Rudi, como le llaman los íntimos, es el último divo del ballet, y ahora, enfundado en missonis, suave cuero y otras lanas exóticas que no logran sacar el frío de su carne castigada, ya está aceptado por todos que se muere de esa estúpida enfermedad o epidemia, como se la quiera llamar. Algún amigo cercano ha hecho declaraciones que más que despistar despejan dudas: el bailarín está en fase terminal. Lo de su tratamiento era un secreto a voces: iba al Hospital Americano de París o una clínica suiza y le hacían transfusiones de sangre. Nureyev sabía desde hace casi ocho años que estaba tocado por el virus. Pero siguió bailando, creando y viviendo a un ritmo que rozaba la locura hasta que una intervención por una pericarditis le desencadenó la caída.

Ya hoy, la ópera y su temible público acepta todo de él, pues mucho le deben al ruso nacido en un tren, ésa es la verdad. Después de Lifar, Nureyev ha sido el alma renovadora de la casa, su agitador, su héroe mayor. Allí, en el Palacio Garnier, muchos no le quieren, sufrió plantes sonadísimos, huidas escandalosas como las de Sylvie Guillem y Eric Vu An, y el rencor secreto de algunas bailarinas aún flota por los camerinos. Otros se afanan en declarar todo lo que agradecen a su paso de más de seis años por la dirección de la Opera. La leña del árbol caído será dorada, y ahora todo son honores, flores y hasta una condecoración que dramáticamente Jack Lang le impuso sobre el escenario el día del estreno, entre bravos y largos aplausos.
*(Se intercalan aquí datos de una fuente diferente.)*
lemma ptr_cases:
  obtains (pop) "window (E t) (R t + i) < window (R t) (E t)" "R t < E t"
      "R (Suc t) = Suc (R t)" "E (Suc t) = E t"
    | (push) "\<not> window (E t) (R t + i) < window (R t) (E t)" "E t < R t + i"
      "R (Suc t) = R t" "E (Suc t) = Suc (E t)"
proof -
  obtain r e b where st: "ptr t = (r, e, b)" by (cases "ptr t") auto
  from ptr_invariant[of t] st have "r \<le> e" "e \<le> r + i" by simp_all
  then show ?thesis by (cases rule: ptr_step_cases[where b = b]) (simp_all add: ptr_Suc st that)
qed

lemma B_Suc: "B (Suc t) = max (B t) (cut_balance (R t) (E t))"
  by (cases "ptr t") (simp add: ptr_Suc ptr_step_def Let_def)

lemma bic_state_ptr: "bic_state w i t = queues_of (ptr t)"
proof (induction t)
  case 0
  have "queue 0 i = [0..<i]" unfolding queue_def by (intro map_idI) simp
  then show ?case by (simp add: bic_state_def ptr_0 queues_of_def queue_def)
next
  case (Suc t)
  obtain r e b where st: "ptr t = (r, e, b)" by (cases "ptr t") auto
  from ptr_invariant[of t] st have "r \<le> e" "e \<le> r + i" by simp_all
  have "bic_state w i (Suc t) = bic_step w (bic_state w i t)"
    unfolding bic_state_def by simp
  also have "\<dots> = queues_of (ptr (Suc t))"
    using Suc.IH bic_step_queues_of[OF \<open>r \<le> e\<close> \<open>e \<le> r + i\<close>] by (simp add: st ptr_Suc)
  finally show ?case .
qed

lemma R_plus_E: "R t + E t = t"
proof (induction t)
  case 0
  show ?case by (simp add: ptr_0)
next
  case (Suc t)
  then show ?case by (cases t rule: ptr_cases) simp_all
qed

lemma R_Suc_le: "R (Suc t) \<le> Suc (R t)"
  by (cases t rule: ptr_cases) simp_all

lemma E_Suc_le: "E (Suc t) \<le> Suc (E t)"
  by (cases t rule: ptr_cases) simp_all

lemma mono_R: "mono R"
  by (rule monoI, rule lift_Suc_mono_le) (use ptr_cases in \<open>metis le_SucI order_refl\<close>)

lemma mono_B: "mono B"
  by (rule monoI, rule lift_Suc_mono_le) (simp add: B_Suc)

lemma pop_if_R_Suc: "R (Suc t) = Suc (R t) \<Longrightarrow> window (E t) (R t + i) < window (R t) (E t) \<and> R t < E t"
  by (cases t rule: ptr_cases) simp_all

lemma push_if_E_Suc: "E (Suc t) = Suc (E t) \<Longrightarrow> \<not> window (E t) (R t + i) < window (R t) (E t)"
  by (cases t rule: ptr_cases) simp_all

lemma R_crossing: "v < R t \<Longrightarrow> \<exists>u<t. R u = v \<and> R (Suc u) = Suc v"
  by (rule unit_step_crossing) (simp_all add: R_Suc_le ptr_0)

lemma E_crossing: "v < E t \<Longrightarrow> \<exists>u<t. E u = v \<and> E (Suc u) = Suc v"
  by (rule unit_step_crossing) (simp_all add: E_Suc_le ptr_0)

lemma halt_reachable: "\<exists>t. R t = i \<and> R t < E t"
proof -
  have "i < R (3 * i + 2)"
    using R_plus_E[of "3 * i + 2"] ptr_invariant[of "3 * i + 2"] by linarith
  then obtain u where "R u = i" "R (Suc u) = Suc i"
    using R_crossing by blast
  then show ?thesis using pop_if_R_Suc[of u] by auto
qed

(* c_0 heads Q1 for the second time as soon as c_0, ..., c_(i-1) have all left Q1
   and Q1 is non-empty. *)
definition halt_time :: nat where
  "halt_time = (LEAST t. R t = i \<and> R t < E t)"

lemma R_halt_time: "R halt_time = i" and R_less_E_halt_time: "R halt_time < E halt_time"
  using LeastI_ex[OF halt_reachable] unfolding halt_time_def by auto

lemma halt_time_le: "R t = i \<Longrightarrow> R t < E t \<Longrightarrow> halt_time \<le> t"
  unfolding halt_time_def by (rule Least_le) simp

lemma R_le_i: "t \<le> halt_time \<Longrightarrow> R t \<le> i"
proof (rule ccontr)
  assume "t \<le> halt_time" "\<not> R t \<le> i"
  then obtain u where "u < t" "R u = i" "R (Suc u) = Suc i"
    using R_crossing[of i t] by auto
  then have "halt_time \<le> u" using pop_if_R_Suc[of u] halt_time_le by simp
  then show False using \<open>u < t\<close> \<open>t \<le> halt_time\<close> by simp
qed

lemma two_le_halt_time: "2 \<le> halt_time"
  using R_plus_E[of halt_time] R_halt_time two_le_i by linarith

lemma R_1: "R 1 = 0"
  by (cases rule: ptr_cases[where t = 0]) (simp_all add: ptr_0)

lemma head_is_c0_bic_state: "head_is_c0 (fst (bic_state w i t)) \<longleftrightarrow> R t < E t \<and> R t mod i = 0"
  by (cases "ptr t") (simp add: bic_state_ptr queues_of_def head_is_c0_queue)

lemma head_is_c0_before_halt:
  assumes "t \<le> halt_time"
  shows "head_is_c0 (fst (bic_state w i t)) \<longleftrightarrow> (0 < t \<and> R t = 0) \<or> t = halt_time"
proof -
  consider "R t = 0" | "0 < R t" "R t < i" | "R t = i"
    using R_le_i[OF assms] by linarith
  then show ?thesis
  proof cases
    case 1
    then show ?thesis using R_plus_E[of t] R_halt_time two_le_i by (auto simp: head_is_c0_bic_state)
  next
    case 2
    then show ?thesis using R_halt_time by (auto simp: head_is_c0_bic_state)
  next
    case 3
    then show ?thesis
      using assms halt_time_le[of t] R_less_E_halt_time two_le_i by (auto simp: head_is_c0_bic_state)
  qed
qed

lemma bic_becomes_before_halt:
  assumes "t \<le> halt_time"
  shows "bic_becomes w i t \<longleftrightarrow> t = 1 \<or> t = halt_time"
proof -
  have R_pred: "R (halt_time - 1) \<noteq> 0"
    using R_Suc_le[of "halt_time - 1"] R_halt_time two_le_i two_le_halt_time by simp
  have R_zero: "R (t - 1) = 0" if "R t = 0"
    using monoD[OF mono_R, of "t - 1" t] that by simp
  show ?thesis
    unfolding bic_becomes_def
    using head_is_c0_before_halt[OF assms] head_is_c0_before_halt[of "t - 1"] assms
      R_1 R_pred R_zero two_le_halt_time
    by (cases "t = 1") auto
qed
Por fin Nureyev, que se ocultó lo que, pudo en su isla particular cerca de Positano (Italia), finalmente se ha ido anteayer más lejos con la esperanza de que le dejen morir en paz y sin frío. En la isla de San Marín, un bungalow solitario al este de la isla le acoge mientras en París cada noche las bayaderas entran en el Reino de las sombras, y una cruel metáfora se abre sobre el príncipe Solor, que hace una visita desesperada a otro mundo, a la habitación de al lado que no se conocerá hasta el día del cierre o del tránsito, como se prefiera. Allí, entre leves e inmaculadas muchachas muertas, un hombre se debate por el amor, en esa locura donde se confunden dolor y deseo. Rudolf Nureyev fue muchas veces, en el mismo escenario, ese príncipe volador y aventurero.